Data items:
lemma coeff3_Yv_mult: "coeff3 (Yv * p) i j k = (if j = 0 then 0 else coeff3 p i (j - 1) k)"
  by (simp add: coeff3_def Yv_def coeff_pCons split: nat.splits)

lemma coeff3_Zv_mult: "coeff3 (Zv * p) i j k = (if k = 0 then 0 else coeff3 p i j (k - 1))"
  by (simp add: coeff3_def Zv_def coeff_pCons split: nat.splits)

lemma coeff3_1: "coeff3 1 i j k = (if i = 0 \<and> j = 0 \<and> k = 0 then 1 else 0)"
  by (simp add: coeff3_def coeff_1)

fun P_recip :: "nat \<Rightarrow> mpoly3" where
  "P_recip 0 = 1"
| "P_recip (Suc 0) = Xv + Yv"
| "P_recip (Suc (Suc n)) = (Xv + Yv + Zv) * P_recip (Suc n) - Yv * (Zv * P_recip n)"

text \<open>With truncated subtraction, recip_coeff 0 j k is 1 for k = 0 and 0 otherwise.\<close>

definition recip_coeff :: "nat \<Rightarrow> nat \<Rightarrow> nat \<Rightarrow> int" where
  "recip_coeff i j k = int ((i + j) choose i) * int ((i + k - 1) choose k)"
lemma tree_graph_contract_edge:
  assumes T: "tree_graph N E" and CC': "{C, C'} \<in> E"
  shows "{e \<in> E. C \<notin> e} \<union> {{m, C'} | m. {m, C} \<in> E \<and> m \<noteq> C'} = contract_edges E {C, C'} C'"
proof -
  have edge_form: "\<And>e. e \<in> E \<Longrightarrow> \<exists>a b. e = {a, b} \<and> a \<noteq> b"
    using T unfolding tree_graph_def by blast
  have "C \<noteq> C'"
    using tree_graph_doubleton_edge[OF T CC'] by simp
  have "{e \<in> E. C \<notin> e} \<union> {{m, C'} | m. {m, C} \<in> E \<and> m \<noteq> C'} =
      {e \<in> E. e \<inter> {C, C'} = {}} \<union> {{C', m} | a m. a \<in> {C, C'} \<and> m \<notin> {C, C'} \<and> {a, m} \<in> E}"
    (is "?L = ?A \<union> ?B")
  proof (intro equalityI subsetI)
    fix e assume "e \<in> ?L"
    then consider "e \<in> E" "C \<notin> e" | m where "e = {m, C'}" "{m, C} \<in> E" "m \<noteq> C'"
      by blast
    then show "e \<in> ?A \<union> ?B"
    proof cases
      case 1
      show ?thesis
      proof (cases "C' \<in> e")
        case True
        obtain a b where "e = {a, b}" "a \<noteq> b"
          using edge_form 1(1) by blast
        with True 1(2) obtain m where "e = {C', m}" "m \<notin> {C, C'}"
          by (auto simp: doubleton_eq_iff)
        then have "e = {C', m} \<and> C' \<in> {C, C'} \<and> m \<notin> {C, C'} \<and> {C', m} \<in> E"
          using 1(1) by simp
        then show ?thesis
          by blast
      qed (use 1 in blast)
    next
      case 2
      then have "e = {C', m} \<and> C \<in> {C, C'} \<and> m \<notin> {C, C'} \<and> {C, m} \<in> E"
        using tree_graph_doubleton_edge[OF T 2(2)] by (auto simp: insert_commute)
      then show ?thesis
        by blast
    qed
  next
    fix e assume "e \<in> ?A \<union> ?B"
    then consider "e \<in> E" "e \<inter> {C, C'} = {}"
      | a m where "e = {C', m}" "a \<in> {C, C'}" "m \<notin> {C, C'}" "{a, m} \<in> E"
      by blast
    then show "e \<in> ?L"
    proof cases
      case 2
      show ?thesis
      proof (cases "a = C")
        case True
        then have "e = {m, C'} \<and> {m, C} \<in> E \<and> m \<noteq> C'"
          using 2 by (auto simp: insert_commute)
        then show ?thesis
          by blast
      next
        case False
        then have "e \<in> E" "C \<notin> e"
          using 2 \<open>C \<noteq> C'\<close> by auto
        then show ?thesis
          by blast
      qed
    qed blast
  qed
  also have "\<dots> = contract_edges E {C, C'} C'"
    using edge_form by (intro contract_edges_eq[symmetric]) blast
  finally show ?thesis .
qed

◆ Aim of the task: Begin with the line above that has "then 1 else" and continue through the line that has "(Suc (Suc n))", setting each one down exactly. Stop there.

◆ Answer box:
lemma coeff3_1: "coeff3 1 i j k = (if i = 0 \<and> j = 0 \<and> k = 0 then 1 else 0)"
  by (simp add: coeff3_def coeff_1)

fun P_recip :: "nat \<Rightarrow> mpoly3" where
  "P_recip 0 = 1"
| "P_recip (Suc 0) = Xv + Yv"
| "P_recip (Suc (Suc n)) = (Xv + Yv + Zv) * P_recip (Suc n) - Yv * (Zv * P_recip n)"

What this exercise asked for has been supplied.